D. Section 364 Review Hearing, Termination of Jurisdiction, and Custody and Visitation Orders

For the section 364 hearing, the Department submitted a report recommending termination of jurisdiction with a juvenile custody order granting legal custody to both parents, primary physical custody to Dana, and monitored visitation for Reginald. The Department stated it could not recommend unmonitored visitation for Reginald because the Department had been unable to assess whether Reginald's self-reported marijuana use interfered with his ability to parent the children. Nevertheless, the Department reported "there did not appear to be child safety concerns" during visits.

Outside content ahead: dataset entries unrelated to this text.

lemma bilinear_affine_identity_higher_derivatives:
  fixes L :: "'v::real_normed_vector \<Rightarrow> 'w::real_normed_vector" and B :: "'v \<Rightarrow> 'v \<Rightarrow> 'w"
    and \<psi> :: "nat \<Rightarrow> real \<Rightarrow> 'v"
  assumes L: "bounded_linear L" and B: "bounded_bilinear B"
    and S: "open S" "\<rho>0 \<in> S"
    and der: "\<And>j \<rho>. \<rho> \<in> S \<Longrightarrow> (\<psi> j has_vector_derivative \<psi> (Suc j) \<rho>) (at \<rho>)"
    and affine: "\<And>\<rho>. \<rho> \<in> S \<Longrightarrow> L (\<psi> 0 \<rho>) + B (\<psi> 0 \<rho>) (\<psi> 0 \<rho>) = \<rho> *\<^sub>R n + c"
    and q: "q \<ge> 1"
  shows "L (\<psi> (q + 1) \<rho>0) + B (\<psi> 0 \<rho>0) (\<psi> (q + 1) \<rho>0) + B (\<psi> (q + 1) \<rho>0) (\<psi> 0 \<rho>0)
       = - (\<Sum>i = 1..q. real ((q + 1) choose i) *\<^sub>R B (\<psi> i \<rho>0) (\<psi> (q + 1 - i) \<rho>0))"
proof -
  define Q where "Q m \<rho> = L (\<psi> m \<rho>) + (\<Sum>i\<le>m. real (m choose i) *\<^sub>R B (\<psi> i \<rho>) (\<psi> (m - i) \<rho>))"
    for m \<rho>
  have "(Q m has_vector_derivative Q (Suc m) \<rho>) (at \<rho>)" if "\<rho> \<in> S" for m \<rho>
    unfolding Q_def
    by (intro has_vector_derivative_add bounded_linear.has_vector_derivative[OF L] der that
        bounded_bilinear_leibniz_has_vector_derivative[OF B])
  moreover have "Q 0 \<rho> = \<rho> *\<^sub>R n + c" if "\<rho> \<in> S" for \<rho>
    using affine[OF that] by (simp add: Q_def)
  ultimately have "Q (q + 1) \<rho>0 = 0"
    using higher_derivatives_of_affine_vanish[OF S, of Q n c "q - 1"] q by simp
  moreover have "(\<Sum>i\<le>q + 1. real ((q + 1) choose i) *\<^sub>R B (\<psi> i \<rho>0) (\<psi> (q + 1 - i) \<rho>0))
      = B (\<psi> 0 \<rho>0) (\<psi> (q + 1) \<rho>0) + B (\<psi> (q + 1) \<rho>0) (\<psi> 0 \<rho>0)
        + (\<Sum>i = 1..q. real ((q + 1) choose i) *\<^sub>R B (\<psi> i \<rho>0) (\<psi> (q + 1 - i) \<rho>0))"
  proof -
    have "{..q + 1} = insert 0 (insert (q + 1) {1..q})" by auto
    then show ?thesis by (simp add: algebra_simps)
  qed
  ultimately show ?thesis unfolding Q_def by (simp add: algebra_simps eq_neg_iff_add_eq_0)
qed

lemma bounded_bilinear_scaleR_power_choose_sum:
  fixes B :: "'v::real_normed_vector \<Rightarrow> 'v \<Rightarrow> 'w::real_normed_vector"
  assumes B: "bounded_bilinear B"
  shows "a ^ (q + 1) *\<^sub>R (\<Sum>i = 1..q. real ((q + 1) choose i) *\<^sub>R B (x i) (x (q + 1 - i)))
     = (\<Sum>i = 1..q. real ((q + 1) choose i) *\<^sub>R B (a ^ i *\<^sub>R x i) (a ^ (q + 1 - i) *\<^sub>R x (q + 1 - i)))"
  unfolding scaleR_sum_right
proof (rule sum.cong[OF refl])
  fix i assume "i \<in> {1..q}"
  then have "a ^ (q + 1) = a ^ i * a ^ (q + 1 - i)" by (simp flip: power_add)
  then show "a ^ (q + 1) *\<^sub>R (real ((q + 1) choose i) *\<^sub>R B (x i) (x (q + 1 - i)))
      = real ((q + 1) choose i) *\<^sub>R B (a ^ i *\<^sub>R x i) (a ^ (q + 1 - i) *\<^sub>R x (q + 1 - i))"
    by (simp add: bounded_bilinear.scaleR_right[OF B] bounded_bilinear.scaleR_left[OF B])
qed

lemma higher_vderiv_eq_on_open:
  assumes "open S" "\<rho> \<in> S"
    and "\<And>\<rho>. \<rho> \<in> S \<Longrightarrow> f \<rho> = \<psi> 0 \<rho>"
    and "\<And>j \<rho>. \<rho> \<in> S \<Longrightarrow> (\<psi> j has_vector_derivative \<psi> (Suc j) \<rho>) (at \<rho>)"
  shows "higher_vderiv j f \<rho> = \<psi> j \<rho>"
  using assms(2)
proof (induction j arbitrary: \<rho>)
  case 0
  then show ?case using assms(3) by simp
next
  case (Suc j)
  have "(higher_vderiv j f has_vector_derivative \<psi> (Suc j) \<rho>) (at \<rho>)"
    by (rule has_vector_derivative_transform_within_open[OF assms(4)[OF Suc.prems] assms(1) Suc.prems])
       (simp add: Suc.IH)
  then show ?case by (simp add: vector_derivative_at)
qed

lemma iterated_derivative_along_line:
  fixes D :: "'a::real_normed_vector \<Rightarrow> 'a list \<Rightarrow> 'b::real_normed_vector"
  assumes D: "\<forall>x\<in>U. \<forall>hs. ((\<lambda>y. D y hs) has_derivative (\<lambda>h. D x (h # hs))) (at x)"
    and U: "\<rho> *\<^sub>R n + c \<in> U"
  shows "((\<lambda>\<rho>. D (\<rho> *\<^sub>R n + c) (replicate j n)) has_vector_derivative
           D (\<rho> *\<^sub>R n + c) (replicate (Suc j) n)) (at \<rho>)"
proof -
  have DU: "((\<lambda>y. D y (replicate j n)) has_derivative (\<lambda>h. D (\<rho> *\<^sub>R n + c) (h # replicate j n)))
      (at (\<rho> *\<^sub>R n + c))"
    using D U by blast
  have "((\<lambda>\<rho>. \<rho> *\<^sub>R n + c) has_derivative (\<lambda>t. t *\<^sub>R n)) (at \<rho>)"
    by (auto intro!: derivative_eq_intros)
  from has_derivative_compose[OF this DU]
  have "((\<lambda>\<rho>. D (\<rho> *\<^sub>R n + c) (replicate j n)) has_derivative
      (\<lambda>t. D (\<rho> *\<^sub>R n + c) ((t *\<^sub>R n) # replicate j n))) (at \<rho>)" .
  moreover have "D (\<rho> *\<^sub>R n + c) ((t *\<^sub>R n) # replicate j n) = t *\<^sub>R D (\<rho> *\<^sub>R n + c) (n # replicate j n)"
    for t
    using linear_cmul[OF has_derivative_linear[OF DU]] .
  ultimately show ?thesis by (simp add: has_vector_derivative_def)
qed

lemma smooth_on_line_higher_vderiv:
  assumes "smooth_on U f" "open U" "\<rho> *\<^sub>R n + c \<in> U"
  shows "(higher_vderiv j (\<lambda>\<rho>. f (\<rho> *\<^sub>R n + c)) has_vector_derivative
           higher_vderiv (Suc j) (\<lambda>\<rho>. f (\<rho> *\<^sub>R n + c)) \<rho>) (at \<rho>)"
proof -
  obtain D where D0: "\<forall>x\<in>U. D x [] = f x"
    and D: "\<forall>x\<in>U. \<forall>hs. ((\<lambda>y. D y hs) has_derivative (\<lambda>h. D x (h # hs))) (at x)"
    using assms(1) unfolding smooth_on_def by blast
  define S where "S = (\<lambda>\<rho>. \<rho> *\<^sub>R n + c) -` U"
  define \<psi> where "\<psi> j \<rho> = D (\<rho> *\<^sub>R n + c) (replicate j n)" for j \<rho>
  have S: "open S" "\<rho> \<in> S"
    unfolding S_def using assms(3) by (auto intro: continuous_open_vimage[OF assms(2)])
  have der: "(\<psi> j has_vector_derivative \<psi> (Suc j) \<rho>) (at \<rho>)" if "\<rho> \<in> S" for j \<rho>
    unfolding \<psi>_def by (rule iterated_derivative_along_line[OF D]) (use that S_def in simp)
  have eq: "higher_vderiv j (\<lambda>\<rho>. f (\<rho> *\<^sub>R n + c)) \<rho> = \<psi> j \<rho>" if "\<rho> \<in> S" for j \<rho>
    using higher_vderiv_eq_on_open[where \<psi> = \<psi>, OF S(1) that _ der] D0
    unfolding S_def \<psi>_def by simp
  have "(higher_vderiv j (\<lambda>\<rho>. f (\<rho> *\<^sub>R n + c)) has_vector_derivative \<psi> (Suc j) \<rho>) (at \<rho>)"
    by (rule has_vector_derivative_transform_within_open[OF der[OF S(2)] S]) (simp add: eq)
  then show ?thesis using eq[OF S(2), of "Suc j"] by simp
qed

lemma smooth_on_differentiable:
  assumes "smooth_on U f" "open U" "x \<in> U"
  shows "f differentiable (at x)"
proof -
  obtain D where D0: "\<forall>x\<in>U. D x [] = f x"
    and D: "\<forall>x\<in>U. \<forall>hs. ((\<lambda>y. D y hs) has_derivative (\<lambda>h. D x (h # hs))) (at x)"
    using assms(1) unfolding smooth_on_def by blast
  have "(f has_derivative (\<lambda>h. D x [h])) (at x)"
    by (rule has_derivative_transform_within_open[OF _ assms(2,3), of "\<lambda>y. D y []"])
       (use D D0 assms(3) in auto)
  then show ?thesis unfolding differentiable_def by blast
qed

lemma derivative_of_right_inverse_inverts:
  fixes G W :: "'a::euclidean_space \<Rightarrow> 'a"
  assumes W: "(W has_derivative W') (at s0)" and G: "(G has_derivative J) (at (W s0))"
    and U: "open U" "s0 \<in> U" and inv: "\<forall>s\<in>U. G (W s) = s"
  shows "W' (J h) = h"
proof -
  have "((G \<circ> W) has_derivative (J \<circ> W')) (at s0)"
    using diff_chain_at[OF W G] .
  moreover have "((G \<circ> W) has_derivative id) (at s0)"
    by (rule has_derivative_transform_within_open[OF has_derivative_id U]) (use inv in simp)
  ultimately have "J \<circ> W' = id" by (rule has_derivative_unique)
  then have "W' \<circ> J = id"
    using linear_inverse_left has_derivative_linear W G by blast
  then show ?thesis by (rule pointfree_idE)
qed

At the hearing, counsel for Reginald joined in the Department's custody recommendations but requested unmonitored visitation. Counsel acknowledged Reginald only partially complied with court orders, but emphasized Reginald completed the domestic violence program and had quality visits with the children. Counsel explained Reginald "would like to be there [for his children] as much as possible and [have]unmonitored" visits, particularly because of Z.M.'s health concerns. Counsel for the children submitted to the Department's custody recommendations, but objected to unmonitored visitation because Reginald did not complete his case plan or visit consistently. Counsel for the children suggested Reginald could seek to modify the order in family law court "if his circumstances change." Counsel for Dana submitted to the Department's custody recommendations and did not object to Reginald having unmonitored visits with the children.

The juvenile court, after stating it had read and considered the Department's report and "look[ed] at the whole history" of the case, ordered monitored visitation for Reginald because he refused to "acknowledge that the court had ordered him to do more" and he had not visited "as regularly as he should have." The court granted Dana sole legal and physical custody of the children and terminated jurisdiction under section 362.4. The court ruled: "The court will not grant joint legal custody under Family Law Code section 3044, as there is a family law presumption that if there is domestic violence in a case, and there is an open restraining order, as there is in this case, that the presumption is for sole legal and sole physical. So, at this time the court will grant sole legal, sole physical to [Dana]."

As the court was stating its ruling, Reginald interrupted the court three times before he "had to step out of the courtroom as he . . . was trying to talk over the court" and object. At the conclusion of the hearing, counsel for Reginald objected to the order granting sole legal custody to Dana, but counsel did not specifically object to the order granting Dana sole physical custody. Reginald timely appealed the juvenile court's custody and visitation orders.

DISCUSSION
A. Reginald Did Not Forfeit His Argument the Juvenile Court's Custody Order Was Erroneous

The Department argues Reginald forfeited his challenge to the juvenile court's custody orders because he submitted to the Department's recommendation of "primary" physical custody to Dana and, at the hearing, he objected to the legal custody order but not the physical custody order. Forfeiture does not apply here.

Reginald submitted to the Department's recommendation that Dana have primary custody of the children, not sole or exclusive custody. Indeed, "the term 'primary physical custody' has no legal meaning." (In re Marriage of Richardson...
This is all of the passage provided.